# Work to be completed:
Count the lines below that contain the word "Longrightarrow", and give only that number.
START Provided data
(* Assume the setup and monomial order in the context, with $b_{v;j,i}=\sum_{s=1}^n v_{j,r(s)}v^\dagger_{s,r(i)}-\delta_{j,i}1$. Every overlap ambiguity $(g_1,g_2,b_1,b_2)$ of $R$ with respect to $\le$ (i.e. $g_1,g_2\in R$ nonzero, $b_1,b_2$ monomials with $(b_1,b_2)\ne(1,1)$, $\mathrm{tip}(g_1)\,b_2=b_1\,\mathrm{tip}(g_2)$, $\mathrm{tip}(g_2)$ does not divide $b_2$ and $\mathrm{tip}(g_1)$ does not divide $b_1$) is of the form $$(b_{v^\dagger;\ell,1},\ b_{v;1,i},\ v^\dagger_{\ell,n},\ v^\dagger_{1,r(i)})$$ for some $v\in M$ and $(\ell,i)\in[n]^2$. Moreover every overlap ambiguity resolves, i.e. there are reductions $\varphi_1,\varphi_2$ by $R$ with $\varphi_1((\mathrm{tip}(g_1)-g_1/\lambda_1)b_2)=\varphi_2(b_1(\mathrm{tip}(g_2)-g_2/\lambda_2))$, $\lambda_m$ the coefficient of $\mathrm{tip}(g_m)$ in $g_m$.
   Context: Let $k$ be a field and $n\ge 2$ an integer; write $[n]=\{1,\dots,n\}$ and $r(i)=n+1-i$. Let $X=\{u_{j,i},u^*_{j,i}:(j,i)\in[n]^2\}$ be a set of $2n^2$ distinct symbols and let $*$ be the involution of $X$ exchanging $u_{j,i}$ and $u^*_{j,i}$. Let $k\langle X\rangle$ be the free unital $k$-algebra on $X$. For an $n\times n$ matrix $v=(v_{j,i})$ with entries in $X$ define $n\times n$ matrices $v^t,v^\star,v^\dagger$ with entries in $X$ by $v^t_{j,i}=v_{i,j}$, $v^\star_{j,i}=(v_{r(j),r(i)})^*$, $v^\dagger_{j,i}=(v_{r(i),r(j)})^*$. Let $u=(u_{j,i})$ and $M=\{u,u^t,u^\star,u^\dagger\}$, and $R=\{\sum_{s=1}^n v_{j,r(s)}v^\dagger_{s,r(i)}-\delta_{j,i}1: v\in M,(j,i)\in[n]^2\}$. Monomial order: let $\le$ be the total order on $X$ with $u^*_{t,s}<u_{j,i}$ for all indices, $u_{t,s}<u_{j,i}$ iff $(t,s)<(j,i)$ lexicographically, and $u^*_{t,s}<u^*_{j,i}$ iff $(j,i)<(t,s)$ lexicographically; extend degree-lexicographically to monomials. $\mathrm{tip}(p)$ is the $\le$-largest monomial with nonzero coefficient in $p\ne0$. A one-step reduction by $0\ne p$ is a linear endomorphism of $k\langle X\rangle$ which, for some fixed monomials $a,c$, sends $a\,\mathrm{tip}(p)\,c$ to $a(\mathrm{tip}(p)-p/\lambda_p)c$ ($\lambda_p$ the coefficient of $\mathrm{tip}(p)$ in $p$) and fixes all other monomials; a reduction by $R$ is a finite composite of one-step reductions by nonzero elements of $R$. *)

theory Defs
  imports Main "HOL-Library.Poly_Mapping"
begin

text \<open>Symbols: U j i stands for u_{j,i}, S j i stands for u*_{j,i}.\<close>
datatype sym = U nat nat | S nat nat

definition Xset :: "nat \<Rightarrow> sym set" where
  "Xset n = {U j i | j i. j \<in> {1..n} \<and> i \<in> {1..n}} \<union> {S j i | j i. j \<in> {1..n} \<and> i \<in> {1..n}}"

fun sstar :: "sym \<Rightarrow> sym" where
  "sstar (U j i) = S j i"
| "sstar (S j i) = U j i"

definition rr :: "nat \<Rightarrow> nat \<Rightarrow> nat" where
  "rr n i = n + 1 - i"

text \<open>Matrices with entries in X are functions of (row, column).\<close>
type_synonym smat = "nat \<Rightarrow> nat \<Rightarrow> sym"

definition umat :: smat where "umat = (\<lambda>j i. U j i)"
definition mtr :: "smat \<Rightarrow> smat" where "mtr v = (\<lambda>j i. v i j)"
definition mstar :: "nat \<Rightarrow> smat \<Rightarrow> smat" where
  "mstar n v = (\<lambda>j i. sstar (v (rr n j) (rr n i)))"
definition mdag :: "nat \<Rightarrow> smat \<Rightarrow> smat" where
  "mdag n v = (\<lambda>j i. sstar (v (rr n i) (rr n j)))"

definition Mset :: "nat \<Rightarrow> smat set" where
  "Mset n = {umat, mtr umat, mstar n umat, mdag n umat}"

text \<open>Free unital algebra k<X>: finitely supported functions on words.\<close>
type_synonym 'k fa = "sym list \<Rightarrow>\<^sub>0 'k"

definition mon :: "sym list \<Rightarrow> 'k::field fa" where
  "mon w = Poly_Mapping.single w 1"

definition fmul :: "'k::field fa \<Rightarrow> 'k fa \<Rightarrow> 'k fa" where
  "fmul f g = (\<Sum>x\<in>Poly_Mapping.keys f. \<Sum>y\<in>Poly_Mapping.keys g. Poly_Mapping.single (x @ y) (Poly_Mapping.lookup f x * Poly_Mapping.lookup g y))"

definition smul :: "'k::field \<Rightarrow> 'k fa \<Rightarrow> 'k fa" where
  "smul c f = Poly_Mapping.map (\<lambda>x. c * x) f"

definition bgen :: "nat \<Rightarrow> smat \<Rightarrow> nat \<Rightarrow> nat \<Rightarrow> 'k::field fa" where
  "bgen n v j i = (\<Sum>s\<in>{1..n}. mon [v j (rr n s), mdag n v s (rr n i)])
                   - (if j = i then mon [] else 0)"

definition Rset :: "nat \<Rightarrow> 'k::field fa set" where
  "Rset n = {bgen n v j i | v j i. v \<in> Mset n \<and> j \<in> {1..n} \<and> i \<in> {1..n}}"

fun sym_less :: "sym \<Rightarrow> sym \<Rightarrow> bool" where
  "sym_less (S t s) (U j i) = True"
| "sym_less (U t s) (S j i) = False"
| "sym_less (U t s) (U j i) = (t < j \<or> (t = j \<and> s < i))"
| "sym_less (S t s) (S j i) = (j < t \<or> (j = t \<and> i < s))"

definition mon_less :: "sym list \<Rightarrow> sym list \<Rightarrow> bool" where
  "mon_less a b \<longleftrightarrow> length a < length b \<or>
     (length a = length b \<and> (a, b) \<in> lexord {(x, y). sym_less x y})"

definition tip :: "'k::field fa \<Rightarrow> sym list" where
  "tip p = (THE m. m \<in> Poly_Mapping.keys p \<and> (\<forall>m'\<in>Poly_Mapping.keys p. m' = m \<or> mon_less m' m))"

definition lcoef :: "'k::field fa \<Rightarrow> 'k" where
  "lcoef p = Poly_Mapping.lookup p (tip p)"

text \<open>One-step reduction by p at (a, c): the linear map sending the monomial
  a tip(p) c to a (tip(p) - p/lambda_p) c and fixing all other monomials.\<close>
definition red1 :: "'k::field fa \<Rightarrow> sym list \<Rightarrow> sym list \<Rightarrow> 'k fa \<Rightarrow> 'k fa" where
  "red1 p a c f = f - smul (Poly_Mapping.lookup f (a @ tip p @ c) / lcoef p) (fmul (fmul (mon a) p) (mon c))"

inductive reduction :: "nat \<Rightarrow> ('k::field fa \<Rightarrow> 'k fa) \<Rightarrow> bool" for n where
  red_id: "reduction n id"
| red_step: "reduction n \<phi> \<Longrightarrow> p \<in> Rset n \<Longrightarrow> p \<noteq> 0 \<Longrightarrow> a \<in> lists (Xset n) \<Longrightarrow>
     c \<in> lists (Xset n) \<Longrightarrow> reduction n (red1 p a c \<circ> \<phi>)"

definition divides_word :: "sym list \<Rightarrow> sym list \<Rightarrow> bool" where
  "divides_word w m \<longleftrightarrow> (\<exists>a c. m = a @ w @ c)"

definition overlap_amb :: "nat \<Rightarrow> 'k::field fa \<Rightarrow> 'k fa \<Rightarrow> sym list \<Rightarrow> sym list \<Rightarrow> bool" where
  "overlap_amb n g1 g2 b1 b2 \<longleftrightarrow>
     g1 \<in> Rset n \<and> g2 \<in> Rset n \<and> g1 \<noteq> 0 \<and> g2 \<noteq> 0 \<and>
     b1 \<in> lists (Xset n) \<and> b2 \<in> lists (Xset n) \<and> (b1, b2) \<noteq> ([], []) \<and>
     tip g1 @ b2 = b1 @ tip g2 \<and>
     \<not> divides_word (tip g2) b2 \<and> \<not> divides_word (tip g1) b1"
END Provided data
# Task result:
2